■ Extracted records ■
(* Let $m,n\in\mathbb{Z}$ with $\gcd(m,n)=1$, $mn(m+n)\neq0$, $c=-\frac{A(m,n)}{B(m,n)}$, and let $\{x_1,x_2,x_3\}$ be the rational $3$-cycle of $f_c(x)=x^2+c$ (its elements written in lowest terms). (a) The numerators of $x_1,x_2,x_3$ are pairwise relatively prime. (b) If a prime $p$ divides the numerator of some $x_i$, then $c$ is $p$-integral and $c^3+2c^2+c+1\equiv 0\pmod p$. (c) At most one of the numerators of $x_1,x_2,x_3$ equals $\pm1$.
   Context: $A(m,n)=m^6+2m^5n+4m^4n^2+8m^3n^3+9m^2n^4+4mn^5+n^6$, $B(m,n)=4m^2n^2(m+n)^2$. Standing fact: $f_c$ has a rational $3$-cycle (orbit of a rational point of minimal period $3$) iff $c=-A(m,n)/B(m,n)$ for coprime $m,n$ with $mn(m+n)\ne0$; it then has exactly one, namely $x_1=\frac{t_1}{2mn(m+n)}$, $x_2=\frac{t_2}{2mn(m+n)}$, $x_3=-\frac{t_3}{2mn(m+n)}$ with $t_1=m^3+2m^2n+mn^2+n^3$, $t_2=m^3-mn^2-n^3$, $t_3=m^3+2m^2n+3mn^2+n^3$, and these fractions are in lowest terms. *)

theory Defs
  imports Complex_Main "HOL-Computational_Algebra.Primes"
begin

definition polyA :: "int \<Rightarrow> int \<Rightarrow> int" where
  "polyA m n = m^6 + 2*m^5*n + 4*m^4*n^2 + 8*m^3*n^3 + 9*m^2*n^4 + 4*m*n^5 + n^6"

definition polyB :: "int \<Rightarrow> int \<Rightarrow> int" where
  "polyB m n = 4*m^2*n^2*(m+n)^2"

definition cpar :: "int \<Rightarrow> int \<Rightarrow> rat" where
  "cpar m n = - (of_int (polyA m n) / of_int (polyB m n))"

definition fc :: "rat \<Rightarrow> rat \<Rightarrow> rat" where
  "fc c x = x^2 + c"

definition t1 :: "int \<Rightarrow> int \<Rightarrow> int" where "t1 m n = m^3 + 2*m^2*n + m*n^2 + n^3"
definition t2 :: "int \<Rightarrow> int \<Rightarrow> int" where "t2 m n = m^3 - m*n^2 - n^3"
definition t3 :: "int \<Rightarrow> int \<Rightarrow> int" where "t3 m n = m^3 + 2*m^2*n + 3*m*n^2 + n^3"

text \<open>The (unique) rational 3-cycle x_1, x_2, x_3 of f_c, as given by the standing fact.\<close>
definition cyc :: "int \<Rightarrow> int \<Rightarrow> nat \<Rightarrow> rat" where
  "cyc m n i =
     (if i = 1 then of_int (t1 m n) / of_int (2*m*n*(m+n))
      else if i = 2 then of_int (t2 m n) / of_int (2*m*n*(m+n))
      else - (of_int (t3 m n) / of_int (2*m*n*(m+n))))"

definition num :: "rat \<Rightarrow> int" where "num q = fst (quotient_of q)"
definition den :: "rat \<Rightarrow> int" where "den q = snd (quotient_of q)"

end

theory Submission
  imports Defs
begin

(* Write x_i = s_i / D with D = 2mn(m+n) and c = -A / D^2.  The cycle relations
   x_(i+1) = x_i^2 + c become s_(i+1) D = s_i^2 - A over the integers.  Since A is prime
   to D, so is every s_i, hence the s_i are the numerators (up to sign), and a prime
   dividing one of them does not divide D, i.e. c is p-integral.  Consecutive numerators
   are coprime because n(s_1+s_2) = mD, m(s_2+s_3) = -(m+n)D and (m+n)(s_3+s_1) = -nD.
   If p divides s_1, then modulo p the cycle runs 0, c, c^2 + c, 0, so
   c (c^3 + 2c^2 + c + 1) = 0 mod p, and c may be cancelled because p does not divide A.
   Finally, two numerators equal to +-1 have the same square, and the relations then force
   s_1 = s_2 = s_3, whereas s_1 - s_2 = 2n(m^2+mn+n^2) is nonzero. *)

lemma coprime_mult_add_left_iff:
  fixes a b k :: "'a :: ring_gcd"
  shows "coprime (k * a + b) a \<longleftrightarrow> coprime b a"
  by (metis coprime_iff_gcd_eq_1 gcd.commute gcd_add_mult)

lemma quotient_of_of_int_div:
  fixes a b :: int
  assumes "b \<noteq> 0" and "coprime a b"
  shows "quotient_of (of_int a / of_int b) = (sgn b * a, \<bar>b\<bar>)"
  using assms
  by (cases b "0::int" rule: linorder_cases)
    (simp_all add: Fract_of_int_quotient [symmetric] quotient_of_Fract)

lemma num_of_int_div:
  "b \<noteq> 0 \<Longrightarrow> coprime a b \<Longrightarrow> num (of_int a / of_int b) = sgn b * a"
  by (simp add: num_def quotient_of_of_int_div)

lemma den_of_int_div:
  "b \<noteq> 0 \<Longrightarrow> coprime a b \<Longrightarrow> den (of_int a / of_int b) = \<bar>b\<bar>"
  by (simp add: den_def quotient_of_of_int_div)

definition cubic_hom :: "int \<Rightarrow> int \<Rightarrow> int" where
  "cubic_hom a d = a^3 + 2*a^2*d + a*d^2 + d^3"

lemma cubic_hom_divide:
  assumes "d \<noteq> 0"
  shows "(of_int a / of_int d :: rat)^3 + 2 * (of_int a / of_int d)^2 + of_int a / of_int d + 1
           = of_int (cubic_hom a d) / of_int (d^3)"
  using assms by (simp add: cubic_hom_def field_simps power_numeral_reduce)

lemma coprime_cubic_hom:
  fixes a d :: int
  assumes "coprime a d"
  shows "coprime (cubic_hom a d) d"
proof -
  have "cubic_hom a d = (2*a^2 + a*d + d^2) * d + a^3"
    by (simp add: cubic_hom_def algebra_simps power_numeral_reduce)
  with assms show ?thesis by (simp add: coprime_mult_add_left_iff)
qed

(* x_i = s_i / D is a 3-cycle of x^2 + c for c = -A / D^2. *)
definition int_three_cycle :: "int \<Rightarrow> int \<Rightarrow> int \<Rightarrow> int \<Rightarrow> int \<Rightarrow> bool" where
  "int_three_cycle D A s1 s2 s3 \<longleftrightarrow>
     s2 * D = s1^2 - A \<and> s3 * D = s2^2 - A \<and> s1 * D = s3^2 - A"

lemma int_three_cycle_rotate:
  "int_three_cycle D A s1 s2 s3 \<Longrightarrow> int_three_cycle D A s2 s3 s1"
  by (auto simp: int_three_cycle_def)

lemma int_three_cycle_coprime_den:
  assumes "int_three_cycle D A s1 s2 s3" and "coprime A D"
  shows "coprime s1 D"
proof (rule coprimeI)
  fix x assume "x dvd s1" and "x dvd D"
  then have "x dvd s1^2 - s2 * D" by (simp add: power2_eq_square)
  then have "x dvd A" using assms(1) by (simp add: int_three_cycle_def)
  then show "is_unit x" using \<open>x dvd D\<close> assms(2) coprime_common_divisor by blast
qed

(* Eliminating s_2, s_3 from the relations gives ((s_1^2 - A)^2 - A D^2)^2 - A D^6 = s_1 D^7,
   whose left-hand side is -A times the cubic at s_1 = 0. *)
lemma int_three_cycle_identity:
  assumes "int_three_cycle D A s1 s2 s3"
  shows "A * cubic_hom (-A) (D^2)
           = s1 * (s1 * (s1^2 - 2*A) * (s1^2 * (s1^2 - 2*A) + 2*A*(A - D^2)) - D^7)"
proof -
  have "s2 * D = s1^2 - A" "s3 * D = s2^2 - A" "s1 * D = s3^2 - A"
    using assms by (simp_all add: int_three_cycle_def)
  then show ?thesis unfolding cubic_hom_def by algebra
qed

lemma int_three_cycle_prime_dvd:
  assumes cyc: "int_three_cycle D A s1 s2 s3" and "coprime A D" and "coprime s1 s2"
    and "prime p" and "p dvd s1"
  shows "\<not> p dvd D" and "p dvd cubic_hom (-A) (D^2)"
proof -
  show "\<not> p dvd D"
    using int_three_cycle_coprime_den [OF assms(1,2)] assms(4,5)
    by (meson coprime_common_divisor not_prime_unit)
  have "\<not> p dvd A"
  proof
    assume "p dvd A"
    with \<open>p dvd s1\<close> have "p dvd s1^2 - A" by (simp add: power2_eq_square)
    then have "p dvd s2 * D" using cyc by (simp add: int_three_cycle_def)
    with \<open>\<not> p dvd D\<close> have "p dvd s2" using \<open>prime p\<close> prime_dvd_mult_iff by blast
    then show False
      using assms(3-5) by (meson coprime_common_divisor not_prime_unit)
  qed
  moreover have "p dvd A * cubic_hom (-A) (D^2)"
    unfolding int_three_cycle_identity [OF cyc] using \<open>p dvd s1\<close> by simp
  ultimately show "p dvd cubic_hom (-A) (D^2)" using \<open>prime p\<close> prime_dvd_mult_iff by blast
qed

lemma int_three_cycle_unit_numerators:
  assumes "int_three_cycle D A s1 s2 s3" and "D \<noteq> 0" and "\<bar>s1\<bar> = 1" and "\<bar>s2\<bar> = 1"
  shows "s1 = s2 \<and> s2 = s3"
proof -
  have sq: "s1^2 = 1" "s2^2 = 1"
    using assms(3,4) by (metis power2_abs power_one)+
  with assms(1) have "s2 * D = s3 * D" by (simp add: int_three_cycle_def)
  with assms(2) have "s2 = s3" by simp
  with assms(1) sq have "s1 * D = s2 * D" by (simp add: int_three_cycle_def)
  with assms(2) \<open>s2 = s3\<close> show ?thesis by simp
qed

lemma coprime_of_sum_relation:
  fixes s s' D u v :: int
  assumes "coprime s D" and "v dvd D" and "u * (s + s') = v * D"
  shows "coprime s s'"
proof -
  have "coprime s v"
    using assms(1,2) by (meson coprime_common_divisor coprimeI dvd_trans)
  with assms(1) have "coprime s (v * D)" by simp
  then have "coprime s (s + s')"
    using assms(3) by (metis coprime_mult_right_iff)
  then show ?thesis by (simp add: coprime_iff_gcd_eq_1)
qed

definition cycle_den :: "int \<Rightarrow> int \<Rightarrow> int" where
  "cycle_den m n = 2*m*n*(m+n)"

definition cycle_num :: "int \<Rightarrow> int \<Rightarrow> nat \<Rightarrow> int" where
  "cycle_num m n i = (if i = 1 then t1 m n else if i = 2 then t2 m n else - t3 m n)"

lemma cycle_num_simps:
  "cycle_num m n 1 = t1 m n" "cycle_num m n 2 = t2 m n" "cycle_num m n 3 = - t3 m n"
  by (simp_all add: cycle_num_def)

lemma cyc_eq_cycle_num: "cyc m n i = of_int (cycle_num m n i) / of_int (cycle_den m n)"
  by (simp add: cyc_def cycle_num_def cycle_den_def)

lemma cpar_eq_div: "cpar m n = of_int (- polyA m n) / of_int ((cycle_den m n)^2)"
  by (simp add: cpar_def polyB_def cycle_den_def power_mult_distrib)

lemma cycle_num_int_three_cycle:
  "int_three_cycle (cycle_den m n) (polyA m n) (cycle_num m n 1) (cycle_num m n 2) (cycle_num m n 3)"
  unfolding int_three_cycle_def cycle_num_simps cycle_den_def t1_def t2_def t3_def polyA_def
  by (intro conjI; algebra)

■ Activity ■
Could you retype exactly the lines above, starting at the line that contains "are coprime because" and ending at the line that contains "fixes a b :: int", and nothing more?

■ Solution to the exercise ■
   are coprime because n(s_1+s_2) = mD, m(s_2+s_3) = -(m+n)D and (m+n)(s_3+s_1) = -nD.
   If p divides s_1, then modulo p the cycle runs 0, c, c^2 + c, 0, so
   c (c^3 + 2c^2 + c + 1) = 0 mod p, and c may be cancelled because p does not divide A.
   Finally, two numerators equal to +-1 have the same square, and the relations then force
   s_1 = s_2 = s_3, whereas s_1 - s_2 = 2n(m^2+mn+n^2) is nonzero. *)

lemma coprime_mult_add_left_iff:
  fixes a b k :: "'a :: ring_gcd"
  shows "coprime (k * a + b) a \<longleftrightarrow> coprime b a"
  by (metis coprime_iff_gcd_eq_1 gcd.commute gcd_add_mult)

lemma quotient_of_of_int_div:
  fixes a b :: int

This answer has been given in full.